11/13/2013

Christie's Has Record Evening


There does not appear to be any economic uncertainty at the top of the art market when quality is for sale.  On Tuesday evening Christie's held its Fall evening Post War/Contemporary evening fine art sale.  What a difference a week makes, as last weeks Christie's Imp/Mod was considered lack-luster at best, the PW/Contemporary sale set many all time records, including the high mark for an art auction.

The details are a fine art auction total record of $691.58 million (beating the previous record of $495 million set by Christie's in May).  You are reading the correct, the new record is nearly $200 million higher than the previous record total. The sale offered 69 lots, with 63 selling for a strong 91% sell through rate.  Even with the 6 unsold lots, the sale achieved an amazing 98% sold by value rate.

Other items of interest, the top selling piece was by Francis Bacon, Three Studies Of Lucian Freud, oil on canvas, in 3 parts, painted in 1969. It sold for $142.40 million  (see image).  It broke the world record for a piece of art, beating the "Scream" record sale in 2012 by Sotheby's by $20 million. The buyer of the Freud was the Acquavella gallery (Michael Findlay, Director Acquavella Galleries will be speaking at the ISA conference in April in Kansas City, registration is now open, click HERE for more info).
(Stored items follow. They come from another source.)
(* Let $X$ be a Banach space which is isomorphic to its hyperplanes (closed subspaces of codimension one), and let $T$ be a Fredholm operator on $X$. Then the identity operator on $X$ factors through $T$, i.e. there are bounded operators $R,S$ on $X$ with $I_X=STR$. *)

theory Defs
  imports "HOL-Analysis.Analysis"
begin

definition closed_hyperplane :: "'a::real_normed_vector set \<Rightarrow> bool" where
  "closed_hyperplane H \<longleftrightarrow> subspace H \<and> closed H \<and> H \<noteq> UNIV \<and>
     (\<exists>v. span (insert v H) = UNIV)"

text \<open>X is isomorphic (as a normed space) to the subspace H: a bounded linear
  bijection of X onto H with bounded inverse
  (the inverse H \<rightarrow> X is bounded iff norm x \<le> K * norm (f x)).\<close>
definition isomorphic_to_subspace :: "'a::real_normed_vector set \<Rightarrow> bool" where
  "isomorphic_to_subspace H \<longleftrightarrow> (\<exists>f::'a \<Rightarrow> 'a. bounded_linear f \<and> inj f \<and> range f = H \<and>
     (\<exists>K. \<forall>x. norm x \<le> K * norm (f x)))"

definition iso_to_hyperplanes :: "'a::real_normed_vector itself \<Rightarrow> bool" where
  "iso_to_hyperplanes _ \<longleftrightarrow> (\<forall>H::'a set. closed_hyperplane H \<longrightarrow> isomorphic_to_subspace H)"

definition fredholm :: "('a::real_normed_vector \<Rightarrow> 'a) \<Rightarrow> bool" where
  "fredholm T \<longleftrightarrow> bounded_linear T \<and>
     (\<exists>B. finite B \<and> span B = {x. T x = 0}) \<and>
     closed (range T) \<and>
     (\<exists>C. finite C \<and> span (range T \<union> C) = UNIV)"

end

theory Submission
  imports Defs
begin

text \<open>
  If \<open>c\<close> is not in the range of an injective operator \<open>T\<close> with closed range, Hahn-Banach gives a
  closed hyperplane \<open>H\<close> containing \<open>range T\<close> but not \<open>c\<close>. If \<open>f\<close> is an isomorphism of \<open>X\<close>
  onto \<open>H\<close> and \<open>S\<close> is the projection onto \<open>H\<close> along \<open>c\<close> followed by the inverse of \<open>f\<close>, then
  \<open>S \<circ> T\<close> is injective with closed range of codimension one less. Dually, if \<open>T v = 0\<close> with
  \<open>v \<noteq> 0\<close>, an isomorphism \<open>f\<close> onto a hyperplane complementing \<open>v\<close> gives \<open>T \<circ> f\<close> with the same
  range and a kernel of dimension one less. After finitely many steps the operator is bijective,
  hence has a bounded inverse by the open mapping theorem, and the identity factors through it;
  composing with the bounded maps used along the way, it factors through \<open>T\<close>.
\<close>

text \<open>Partial linear functionals dominated by \<open>p\<close>, represented by their graphs.\<close>

definition dominated_graph :: "('a::real_vector \<Rightarrow> real) \<Rightarrow> ('a \<times> real) set \<Rightarrow> bool" where
  "dominated_graph p F \<longleftrightarrow> subspace F \<and> (\<forall>a. (0, a) \<in> F \<longrightarrow> a = 0) \<and> (\<forall>x a. (x, a) \<in> F \<longrightarrow> a \<le> p x)"

lemma dominated_graph_functional:
  assumes "dominated_graph p F" "(x, a) \<in> F" "(x, b) \<in> F"
  shows "a = b"
proof -
  have "(x, a) - (x, b) \<in> F"
    using assms subspace_diff[of F "(x, a)" "(x, b)"] by (simp add: dominated_graph_def)
  then show ?thesis
    using assms(1) by (auto simp: dominated_graph_def)
qed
We typically mention sales over a million dollars, well, out of the 69 pieces of art selling, 11 sold for over $20 million. 10 individual artist records were also set Tuesday evening.

Bloomberg reported on the sale
Sotheby’s activist investor Daniel Loeb and Blackstone Group (BX)’s James Tomilson Hill III attended the packed postwar and contemporary art auction that totaled $691.6 million -- well in excess of the previous record of $495 million set by a Christie’s sale of contemporary art in May. Eleven of the 69 lots last night sold for more than $20 million and only six failed to find buyers.

Records were smashed for 10 artists, including Willem de Kooning, Donald Judd, Ad Reinhardt, Lucio Fontana, Christopher Wool, Wade Guyton and Wayne Thiebaud.

“It’s a new world,” said Abigail Asher, with art advisory Guggenheim Asher Associates. “It feels like a reinvention of the art market. I’m overwhelmed.”

Major Reversal

The results were a reversal from Christie’s disappointing Impressionist and modern art sales last week. Its Nov. 5 evening sale tallied $144.3 million, just $2 million more than the Bacon last night.

“After the flat sales last week, it’s incredible to see how much energy there is in the contemporary-art market,” said art dealer David Zwirner, the underbidder for Koons’s puppy.

Closely held Christie’s estimated the 1969 Bacon triptych - - three canvases depicting artist Lucian Freud -- at more than $85 million. At least half a dozen competed for it, including two Asian bidders, over six minutes.

Acquavella bought it through Lock Kresler, Christie’s head of private sales based in London. Last week, the gallery bought the top lot at Sotheby’s Impressionist and modern art sale, an Alberto Giacometti sculpture, for $50 million.

Koons’s 10-foot-tall stainless-steel puppy was consigned by newsprint magnate Peter Brant. Christie’s estimated it at $35 million to $55 million and guaranteed “Balloon Dog” would sell for an undisclosed minimum, financed through third parties.

Two Richters

The price smashed Koons’s previous record of $33.7 million and the record for the most expensive living artist, held by Gerhard Richter, whose 1968 painting, “Domplatz, Mailand,” sold for $37.1 million at Sotheby’s in May.

A Richter painting owned by Eric Clapton fetched $20.9 million, just above the low end of the presale estimate. While the bidding was measured, it brought a good return to its owner, being part of a trio of paintings that sold at Sotheby’s for $3.4 million in 2001. (Prices include buyer’s commission; estimates do not.)

In all, 22 lots, or almost a third of the sale, were guaranteed. One was “Apocalypse Now,” a 1988 painting by Wool, who’s the subject of a retrospective at the Solomon R. Guggenheim Museum. The work spelled “Sell the house sell the car sell the kids” in black on white. It fetched $26.5 million, more than three times Wool’s previous record. Art dealer Christophe van de Weghe bought the work for a client.

“People look at art as a hard asset,” the dealer said.

Brett Gorvy, Christie’s chairman of contemporary art, said the sale wasn’t indicative of a market bubble. Paris-based art adviser Loic Malle wasn’t sure.

“It’s either a beginning of something or the end of something,” Malle said.